**Work to complete**
Only the lines from the opening of the material through the one containing "unfolding closure_sequential by blast" should be reproduced, each exactly as it stands.

**The data**
++++++++

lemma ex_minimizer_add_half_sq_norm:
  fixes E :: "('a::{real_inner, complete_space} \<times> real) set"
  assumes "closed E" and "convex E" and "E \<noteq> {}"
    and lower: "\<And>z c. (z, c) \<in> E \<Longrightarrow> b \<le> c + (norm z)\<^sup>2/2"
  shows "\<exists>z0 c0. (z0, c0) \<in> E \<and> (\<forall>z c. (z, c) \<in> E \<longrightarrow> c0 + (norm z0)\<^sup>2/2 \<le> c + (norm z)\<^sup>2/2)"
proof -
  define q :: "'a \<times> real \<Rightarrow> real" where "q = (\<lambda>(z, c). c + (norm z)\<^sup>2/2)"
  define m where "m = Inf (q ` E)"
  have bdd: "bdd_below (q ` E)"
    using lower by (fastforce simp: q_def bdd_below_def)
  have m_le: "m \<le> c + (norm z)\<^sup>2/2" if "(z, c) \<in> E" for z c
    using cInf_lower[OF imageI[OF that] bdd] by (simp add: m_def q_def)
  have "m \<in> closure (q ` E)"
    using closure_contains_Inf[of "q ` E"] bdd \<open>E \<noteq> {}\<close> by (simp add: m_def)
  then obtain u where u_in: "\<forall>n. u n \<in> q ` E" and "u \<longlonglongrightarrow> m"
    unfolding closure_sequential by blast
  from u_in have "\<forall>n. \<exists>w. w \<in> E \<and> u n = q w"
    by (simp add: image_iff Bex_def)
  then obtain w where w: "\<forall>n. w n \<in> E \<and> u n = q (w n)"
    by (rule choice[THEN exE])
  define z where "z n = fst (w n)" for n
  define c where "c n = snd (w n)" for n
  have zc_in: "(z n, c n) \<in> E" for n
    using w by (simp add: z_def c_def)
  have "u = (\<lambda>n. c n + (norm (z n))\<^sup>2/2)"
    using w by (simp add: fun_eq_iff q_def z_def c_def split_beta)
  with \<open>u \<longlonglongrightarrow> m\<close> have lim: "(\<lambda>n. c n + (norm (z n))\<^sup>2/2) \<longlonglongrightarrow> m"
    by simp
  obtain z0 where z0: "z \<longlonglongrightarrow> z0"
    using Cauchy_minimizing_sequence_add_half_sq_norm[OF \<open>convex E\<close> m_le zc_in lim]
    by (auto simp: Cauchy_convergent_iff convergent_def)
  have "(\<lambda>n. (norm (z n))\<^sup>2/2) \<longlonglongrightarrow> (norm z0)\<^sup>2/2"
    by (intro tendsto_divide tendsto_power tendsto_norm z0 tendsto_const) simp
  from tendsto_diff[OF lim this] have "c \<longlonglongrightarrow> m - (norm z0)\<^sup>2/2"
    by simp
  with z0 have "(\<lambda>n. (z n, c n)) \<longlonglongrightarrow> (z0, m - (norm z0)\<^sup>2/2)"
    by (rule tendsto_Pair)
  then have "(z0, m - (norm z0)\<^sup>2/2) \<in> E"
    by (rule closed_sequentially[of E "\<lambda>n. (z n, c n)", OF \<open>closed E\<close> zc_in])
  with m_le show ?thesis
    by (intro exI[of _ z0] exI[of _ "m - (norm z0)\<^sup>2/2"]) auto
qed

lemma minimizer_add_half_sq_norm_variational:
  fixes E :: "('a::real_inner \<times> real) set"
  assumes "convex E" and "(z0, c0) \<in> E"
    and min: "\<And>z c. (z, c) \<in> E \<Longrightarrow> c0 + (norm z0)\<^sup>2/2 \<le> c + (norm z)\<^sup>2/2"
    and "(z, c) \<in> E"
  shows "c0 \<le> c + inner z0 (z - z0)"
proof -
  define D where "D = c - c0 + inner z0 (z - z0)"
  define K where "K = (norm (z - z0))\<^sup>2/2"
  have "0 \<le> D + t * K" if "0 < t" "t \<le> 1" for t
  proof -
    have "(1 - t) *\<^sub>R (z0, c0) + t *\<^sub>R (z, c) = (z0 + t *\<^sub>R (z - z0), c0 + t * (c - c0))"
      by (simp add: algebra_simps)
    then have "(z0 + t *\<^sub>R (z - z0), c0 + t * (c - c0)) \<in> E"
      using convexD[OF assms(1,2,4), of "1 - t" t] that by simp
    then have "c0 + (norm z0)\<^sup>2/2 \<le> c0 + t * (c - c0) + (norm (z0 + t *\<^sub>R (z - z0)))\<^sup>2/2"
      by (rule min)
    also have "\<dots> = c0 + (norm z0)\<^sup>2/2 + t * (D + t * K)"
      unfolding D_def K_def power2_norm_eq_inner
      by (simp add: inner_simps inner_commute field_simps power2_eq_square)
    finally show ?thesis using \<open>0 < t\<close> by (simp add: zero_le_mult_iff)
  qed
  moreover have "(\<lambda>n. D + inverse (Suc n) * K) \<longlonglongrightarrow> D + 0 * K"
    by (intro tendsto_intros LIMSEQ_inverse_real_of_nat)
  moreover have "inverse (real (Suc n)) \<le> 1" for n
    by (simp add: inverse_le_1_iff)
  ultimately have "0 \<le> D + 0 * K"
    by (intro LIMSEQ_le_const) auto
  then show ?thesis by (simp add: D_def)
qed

++++++++

**Task response**
lemma ex_minimizer_add_half_sq_norm:
  fixes E :: "('a::{real_inner, complete_space} \<times> real) set"
  assumes "closed E" and "convex E" and "E \<noteq> {}"
    and lower: "\<And>z c. (z, c) \<in> E \<Longrightarrow> b \<le> c + (norm z)\<^sup>2/2"
  shows "\<exists>z0 c0. (z0, c0) \<in> E \<and> (\<forall>z c. (z, c) \<in> E \<longrightarrow> c0 + (norm z0)\<^sup>2/2 \<le> c + (norm z)\<^sup>2/2)"
proof -
  define q :: "'a \<times> real \<Rightarrow> real" where "q = (\<lambda>(z, c). c + (norm z)\<^sup>2/2)"
  define m where "m = Inf (q ` E)"
  have bdd: "bdd_below (q ` E)"
    using lower by (fastforce simp: q_def bdd_below_def)
  have m_le: "m \<le> c + (norm z)\<^sup>2/2" if "(z, c) \<in> E" for z c
    using cInf_lower[OF imageI[OF that] bdd] by (simp add: m_def q_def)
  have "m \<in> closure (q ` E)"
    using closure_contains_Inf[of "q ` E"] bdd \<open>E \<noteq> {}\<close> by (simp add: m_def)
  then obtain u where u_in: "\<forall>n. u n \<in> q ` E" and "u \<longlonglongrightarrow> m"
    unfolding closure_sequential by blast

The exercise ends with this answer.